Laura Hetrick, an associate professor of art education, has accepted a faculty position at the Beckman Institute.
Hetrick's research interests include teacher identity and subjectivity, psychoanalysis, popular visual culture, and fandoms and fan art as philosophical constructs. As a late-in-life diagnosed autistic professor, she now focuses primarily on autistic identity and the autistic lived experience.
At the Beckman Institute, Hetrick will research issues including the mechanisms and processes of autistic adult cognitive development; how an autistic’s activities contribute to resilience through the adult lifespan; the development and evaluation of cost-effective and life-integrated autistic interventions using psychology, neuroscience, kinesiology, education and more; and the mechanisms underlying autistic intervention effects, including those related to behavioral, neural, emotional, motivational, and social processes.
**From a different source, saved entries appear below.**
lemma hausdorff_limI:
  fixes A :: "nat \<Rightarrow> 'a::euclidean_space set"
  assumes "compact C" "\<And>k. bounded (A k)"
    and near: "\<And>e. e > 0 \<Longrightarrow> eventually (\<lambda>k. \<forall>x\<in>A k. \<exists>y\<in>C. dist x y < e) sequentially"
    and cover: "\<And>e. e > 0 \<Longrightarrow> eventually (\<lambda>k. \<forall>y\<in>C. \<exists>x\<in>A k. dist x y < e) sequentially"
  shows "hausdorff_lim A C"
proof (cases "C = {}")
  case True
  have "eventually (\<lambda>k. \<forall>x\<in>A k. \<exists>y\<in>C. dist x y < 1) sequentially"
    by (rule near) simp
  then have "eventually (\<lambda>k. A k = {}) sequentially"
    by eventually_elim (auto simp: True)
  with True assms(1,2) show ?thesis
    unfolding hausdorff_lim_def by simp
next
  case False
  have bound: "eventually (\<lambda>k. A k \<noteq> {} \<and> 0 \<le> hausdist (closure (A k)) C
                  \<and> hausdist (closure (A k)) C \<le> e) sequentially" if "e > 0" for e
    using near[OF that] cover[OF that]
  proof eventually_elim
    case (elim k)
    then have "A k \<noteq> {}"
      using False by blast
    have "closure (A k) \<subseteq> {x. infdist x C \<le> e}"
    proof (rule closure_minimal)
      show "A k \<subseteq> {x. infdist x C \<le> e}"
        using elim(1) infdist_le[of _ C] by (fastforce intro: order_trans)
      show "closed {x. infdist x C \<le> e}"
        by (intro closed_Collect_le continuous_intros)
    qed
    moreover have "infdist y (closure (A k)) \<le> e" if "y \<in> C" for y
    proof -
      obtain x where "x \<in> A k" "dist x y < e"
        using elim(2) \<open>y \<in> C\<close> by blast
      then show ?thesis
        using infdist_le[OF closure_subset[THEN subsetD], of x "A k" y] by (simp add: dist_commute)
    qed
    ultimately show ?case
      using hausdist_le[of "closure (A k)" C e] \<open>A k \<noteq> {}\<close> False by auto
  qed
  have "((\<lambda>k. hausdist (closure (A k)) C) \<longlongrightarrow> 0) sequentially"
  proof (rule tendstoI)
    fix e :: real assume "e > 0"
    then have "eventually (\<lambda>k. 0 \<le> hausdist (closure (A k)) C \<and> hausdist (closure (A k)) C \<le> e/2) sequentially"
      using bound[of "e/2"] by (auto elim: eventually_mono)
    then show "eventually (\<lambda>k. dist (hausdist (closure (A k)) C) 0 < e) sequentially"
      by eventually_elim (use \<open>e > 0\<close> in auto)
  qed
  moreover have "eventually (\<lambda>k. A k \<noteq> {}) sequentially"
    using bound[of 1] by (auto elim: eventually_mono)
  ultimately show ?thesis
    unfolding hausdorff_lim_def using False assms(1,2) by simp
qed
lemma laplacian_form_less:
  fixes x :: "nat \<Rightarrow> real"
  assumes sg: "simple_graph n E" and v: "geodesic E v d" "\<forall>l\<le>d. v l < n" and k: "k + 2 \<le> d"
    and w: "w < n" "w \<notin> v ` {0..d}" "\<forall>l\<le>d. E w (v l) \<longrightarrow> l = k \<or> l = k + 1 \<or> l = k + 2"
    and x: "\<forall>i. i \<notin> v ` ({0..d} - {k + 1}) \<longrightarrow> x i = 0"
      "\<exists>i\<in>v ` ({0..d} - {k + 1}). x i \<noteq> 0"
  shows "(\<Sum>i = 0..<n. \<Sum>j = 0..<n. x i * laplacian n E $$ (i, j) * x j)
    < (real n - real d + 2) * (\<Sum>i = 0..<n. (x i)\<^sup>2)"
proof -
  let ?P = "v ` {0..d}"
  define z where "z l = x (v l)" for l
  have xP: "\<forall>i. i \<notin> ?P \<longrightarrow> x i = 0" using x(1) by blast
  have "(\<Sum>i = 0..<n. (x i)\<^sup>2) = (\<Sum>i\<in>?P. (x i)\<^sup>2)"
    using v(2) xP by (intro sum.mono_neutral_right) auto
  also have "\<dots> = (\<Sum>l = 0..d. (z l)\<^sup>2)"
    unfolding z_def using sum.reindex[OF geodesic_inj_on[OF v(1)]] by simp
  finally have norm: "(\<Sum>i = 0..<n. (x i)\<^sup>2) = (\<Sum>l = 0..d. (z l)\<^sup>2)" .
  have "v (k + 1) \<notin> v ` ({0..d} - {k + 1})"
    using geodesic_inj_on[OF v(1)] k by (auto dest: inj_onD)
  then have zk: "z (k + 1) = 0" unfolding z_def using x(1) by blast
  moreover have "\<exists>l\<le>d. z l \<noteq> 0" using x(2) unfolding z_def by auto
  ultimately have "(\<Sum>l = 0..<d. (z l - z (Suc l))\<^sup>2) + (z k)\<^sup>2 + (z (k + 2))\<^sup>2
      < 4 * (\<Sum>l = 0..d. (z l)\<^sup>2)"
    by (rule path_energy_less[OF k])
  moreover have "(\<Sum>i = 0..<n. \<Sum>j = 0..<n. x i * laplacian n E $$ (i, j) * x j) =
      (\<Sum>l = 0..<d. (z l - z (Suc l))\<^sup>2) +
      (\<Sum>j\<in>{0..<n} - ?P. \<Sum>l = 0..d. if E (v l) j then (z l)\<^sup>2 else 0)"
    unfolding laplacian_quadratic_form[OF sg] edge_form_supported_on_geodesic[OF sg v xP] z_def ..
  ultimately show ?thesis
    using off_geodesic_edges_le[where z = z, OF sg v k w zk] unfolding norm by (simp add: algebra_simps)
qed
She also aims to explore and understand various autistic health co-morbidities from a cellular level, and as a result, advocate for improved medical care, prevention, and maintenance for autistic adults.
"I am humbled to join this prestigious research institute to explore the many questions I have around my own autistic life experience that can also inform the larger autistic community. Working together with a team of transdisciplinary scientists [and] researchers, I want to improve the quality of the lifespans of autistic adults and those that care for and about them," she said.